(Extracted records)
◇ ◇ ◇ ◇
(* For every $\rho<0$, the harmonic map $\psi_\rho:\mathbb{CP}^n\to\mathbb{CP}^n$ is equivariantly weakly stable with respect to the $\mathrm{SU}(p+1)\times\mathrm{SU}(n-p)$-action, i.e. every $\lambda$ in its equivariant spectrum satisfies $\lambda\ge0$.
   Context: Let $n\ge1$ and $0\le p<n$ be integers. $\mathbb{CP}^n$ carries the Fubini–Study metric (the metric making $\mathbb S^{2n+1}\to\mathbb{CP}^n$ a Riemannian submersion). $G=\mathrm{SU}(p+1)\times\mathrm{SU}(n-p)$ acts isometrically by $(A,B)\cdot[Z]=[\operatorname{diag}(A,B)Z]$; with $\gamma(t)=[\cos t\,e_1+\sin t\,e_{p+2}]$ every point of $\mathbb{CP}^n$ is $g\cdot\gamma(t)$ for some $g\in G$, $t\in[0,\pi/2]$. For $\rho\ne0$ let $r_\rho(t)=\arctan(\rho\tan t)$ on $[0,\pi/2)$, $r_\rho(\pi/2)=\operatorname{sign}(\rho)\pi/2$, and $\psi_\rho(g\cdot\gamma(t))=g\cdot\gamma(r_\rho(t))$, a harmonic map. The equivariant spectrum of $\psi_\rho$ is the set of $\lambda\in\mathbb R$ for which the Sturm–Liouville problem \[ \ddot\xi+\big[(2n-2p-1)\cot t-(2p+1)\tan t\big]\dot\xi-\Big[2(n-p-1)\frac{\cos 2r_\rho(t)}{\sin^2t}-2p\frac{\cos2r_\rho(t)}{\cos^2t}+4\frac{\cos4r_\rho(t)}{\sin^22t}\Big]\xi+\lambda\xi=0 \] has a nonzero solution $\xi\in C^\infty_0([0,\tfrac\pi2])$ (smooth, vanishing at $0$ and $\pi/2$). $\psi_\rho$ is equivariantly weakly stable if all these $\lambda$ are $\ge0$. *)

theory Defs
  imports "HOL-Analysis.Analysis"
begin

definition r_fun :: "real \<Rightarrow> real \<Rightarrow> real" where
  "r_fun \<rho> t = (if t = pi / 2 then sgn \<rho> * (pi / 2) else arctan (\<rho> * tan t))"

definition smooth_on_closed :: "real \<Rightarrow> real \<Rightarrow> (real \<Rightarrow> real) \<Rightarrow> (nat \<Rightarrow> real \<Rightarrow> real) \<Rightarrow> bool" where
  "smooth_on_closed a b f D \<longleftrightarrow>
     (\<forall>t\<in>{a..b}. D 0 t = f t) \<and>
     (\<forall>k. \<forall>t\<in>{a..b}. (D k has_real_derivative D (Suc k) t) (at t within {a..b}))"

definition SL_potential :: "nat \<Rightarrow> nat \<Rightarrow> real \<Rightarrow> real \<Rightarrow> real" where
  "SL_potential n p \<rho> t =
     2 * (real n - real p - 1) * cos (2 * r_fun \<rho> t) / (sin t)\<^sup>2
     - 2 * real p * cos (2 * r_fun \<rho> t) / (cos t)\<^sup>2
     + 4 * cos (4 * r_fun \<rho> t) / (sin (2 * t))\<^sup>2"

definition SL_drift :: "nat \<Rightarrow> nat \<Rightarrow> real \<Rightarrow> real" where
  "SL_drift n p t = (2 * real n - 2 * real p - 1) * cot t - (2 * real p + 1) * tan t"
lemma continuous_on_normK_powr: "continuous_on S (\<lambda>x. normK K x powr b)"
  by (intro continuous_intros continuous_on_normK) (auto dest!: normK_pos)

lemma continuous_on_radial_deriv: "continuous_on S (radial_deriv K f)"
  unfolding radial_deriv_def by (intro continuous_intros continuous_on_pdiff)

lemma continuous_on_grad_norm: "continuous_on S (grad_norm f)"
  unfolding grad_norm_def by (intro continuous_intros continuous_on_pdiff)

lemma flux_has_derivative:
  assumes p: "1 < p" and i: "i \<in> K"
  shows "((\<lambda>s. flux K p a f i (x + s *\<^sub>R axis i 1)) has_real_derivative flux_deriv K p a f i x) (at 0)"
proof (cases "x \<in> S")
  case True
  have r: "0 < normK K x"
    using normK_pos[OF True] .
  have d_coord: "((\<lambda>s. (x + s *\<^sub>R axis i 1) $ i) has_real_derivative 1) (at 0)"
    by (auto intro!: derivative_eq_intros)
  have d_weight: "((\<lambda>s. normK K (x + s *\<^sub>R axis i 1) powr (- a)) has_real_derivative
       - a * normK K x powr (- a - 1) * (x $ i / normK K x)) (at 0)"
    using DERIV_fun_powr[OF normK_line_has_real_derivative[OF i r], of "- a"] r by simp
  have d_f: "((\<lambda>s. cmod (f (x + s *\<^sub>R axis i 1)) powr p) has_real_derivative
       p * cmod (f x) powr (p - 2) * Re (cnj (f x) * pdiff i f x)) (at 0)"
    using cmod_powr_has_real_derivative[OF smooth_fun_has_pdiff[OF smooth] p] by simp
  have powr_eq: "normK K x powr (- a - 1) = normK K x powr (- a - 2) * normK K x"
    using powr_add[of "normK K x" "- a - 2" 1] r by (simp add: mult.commute minus_diff_commute)
  show ?thesis
    unfolding flux_def
    by (rule DERIV_cong[OF DERIV_mult[OF DERIV_mult[OF d_coord d_weight] d_f]])
      (use r in \<open>simp add: flux_deriv_def powr_eq power2_eq_square field_simps\<close>)
next
  case False
  have "\<forall>\<^sub>F s in nhds 0. flux K p a f i (x + s *\<^sub>R axis i 1) = 0"
    using eventually_nhds_line[OF eventually_vanishes[OF False], of "axis i 1"] p
    by (simp add: flux_def eventually_mono)
  moreover have "flux_deriv K p a f i x = 0"
    using vanishes_outside[OF False] by (simp add: flux_deriv_def)
  ultimately show ?thesis
    by (simp add: DERIV_cong_ev[OF refl _ refl, of _ "\<lambda>_. 0"])
qed

lemma flux_deriv_bounded:
  assumes p: "1 < p"
  obtains B where "\<And>x. \<bar>flux_deriv K p a f i x\<bar> \<le> B"
proof -
  define M where "M x = normK K x powr (- a) * cmod (f x) powr p
    + \<bar>a\<bar> * (x $ i)\<^sup>2 * normK K x powr (- a - 2) * cmod (f x) powr p
    + p * \<bar>x $ i\<bar> * normK K x powr (- a) * (cmod (f x) powr (p - 1) * cmod (pdiff i f x))" for x
  have "continuous_on S (\<lambda>x. cmod (f x) powr q)" if "0 < q" for q
    using continuous_on_norm_powr[OF continuous_on_f that] .
  then have "continuous_on S M"
    unfolding M_def using p
    by (intro continuous_on_add continuous_on_mult continuous_on_const continuous_on_power
        continuous_on_rabs continuous_on_component continuous_on_id continuous_on_normK_powr
        continuous_on_norm continuous_on_pdiff) auto
  then obtain B where B: "\<And>x. x \<in> S \<Longrightarrow> \<bar>M x\<bar> \<le> B"
    using compact_imp_bounded[OF compact_continuous_image[OF _ compact_support]]
    by (force simp: bounded_iff)
  have "\<bar>flux_deriv K p a f i x\<bar> \<le> M x" for x
  proof -
    have "\<bar>p * x $ i * normK K x powr (- a) * cmod (f x) powr (p - 2) * Re (cnj (f x) * pdiff i f x)\<bar>
        \<le> p * \<bar>x $ i\<bar> * normK K x powr (- a) * (cmod (f x) powr (p - 1) * cmod (pdiff i f x))"
      using abs_cmod_powr_mult_Re_le[of "f x" p "pdiff i f x"] p
      by (simp add: abs_mult mult.assoc mult_left_mono)
    moreover have "\<bar>a * (x $ i)\<^sup>2 * normK K x powr (- a - 2) * cmod (f x) powr p\<bar>
        = \<bar>a\<bar> * (x $ i)\<^sup>2 * normK K x powr (- a - 2) * cmod (f x) powr p"
      by (simp add: abs_mult)
    moreover have "0 \<le> normK K x powr (- a) * cmod (f x) powr p"
      by simp
    ultimately show ?thesis
      unfolding flux_deriv_def M_def by linarith
  qed
  then have "\<bar>flux_deriv K p a f i x\<bar> \<le> max B 0" for x
  proof (cases "x \<in> S")
    case True
    then show ?thesis
      using B[of x] \<open>\<bar>flux_deriv K p a f i x\<bar> \<le> M x\<close> by linarith
  next
    case False
    then show ?thesis
      using vanishes_outside[OF False] by (simp add: flux_deriv_def)
  qed
  then show ?thesis
    by (rule that)
qed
◇ ◇ ◇ ◇
INSTRUCTIONS FOR THE TASK: Beginning at the first line of the records, retype exactly every line up to and including the one with "(D k has_real_derivative".

RESULT:
(* For every $\rho<0$, the harmonic map $\psi_\rho:\mathbb{CP}^n\to\mathbb{CP}^n$ is equivariantly weakly stable with respect to the $\mathrm{SU}(p+1)\times\mathrm{SU}(n-p)$-action, i.e. every $\lambda$ in its equivariant spectrum satisfies $\lambda\ge0$.
   Context: Let $n\ge1$ and $0\le p<n$ be integers. $\mathbb{CP}^n$ carries the Fubini–Study metric (the metric making $\mathbb S^{2n+1}\to\mathbb{CP}^n$ a Riemannian submersion). $G=\mathrm{SU}(p+1)\times\mathrm{SU}(n-p)$ acts isometrically by $(A,B)\cdot[Z]=[\operatorname{diag}(A,B)Z]$; with $\gamma(t)=[\cos t\,e_1+\sin t\,e_{p+2}]$ every point of $\mathbb{CP}^n$ is $g\cdot\gamma(t)$ for some $g\in G$, $t\in[0,\pi/2]$. For $\rho\ne0$ let $r_\rho(t)=\arctan(\rho\tan t)$ on $[0,\pi/2)$, $r_\rho(\pi/2)=\operatorname{sign}(\rho)\pi/2$, and $\psi_\rho(g\cdot\gamma(t))=g\cdot\gamma(r_\rho(t))$, a harmonic map. The equivariant spectrum of $\psi_\rho$ is the set of $\lambda\in\mathbb R$ for which the Sturm–Liouville problem \[ \ddot\xi+\big[(2n-2p-1)\cot t-(2p+1)\tan t\big]\dot\xi-\Big[2(n-p-1)\frac{\cos 2r_\rho(t)}{\sin^2t}-2p\frac{\cos2r_\rho(t)}{\cos^2t}+4\frac{\cos4r_\rho(t)}{\sin^22t}\Big]\xi+\lambda\xi=0 \] has a nonzero solution $\xi\in C^\infty_0([0,\tfrac\pi2])$ (smooth, vanishing at $0$ and $\pi/2$). $\psi_\rho$ is equivariantly weakly stable if all these $\lambda$ are $\ge0$. *)

theory Defs
  imports "HOL-Analysis.Analysis"
begin

definition r_fun :: "real \<Rightarrow> real \<Rightarrow> real" where
  "r_fun \<rho> t = (if t = pi / 2 then sgn \<rho> * (pi / 2) else arctan (\<rho> * tan t))"

definition smooth_on_closed :: "real \<Rightarrow> real \<Rightarrow> (real \<Rightarrow> real) \<Rightarrow> (nat \<Rightarrow> real \<Rightarrow> real) \<Rightarrow> bool" where
  "smooth_on_closed a b f D \<longleftrightarrow>
     (\<forall>t\<in>{a..b}. D 0 t = f t) \<and>
     (\<forall>k. \<forall>t\<in>{a..b}. (D k has_real_derivative D (Suc k) t) (at t within {a..b}))"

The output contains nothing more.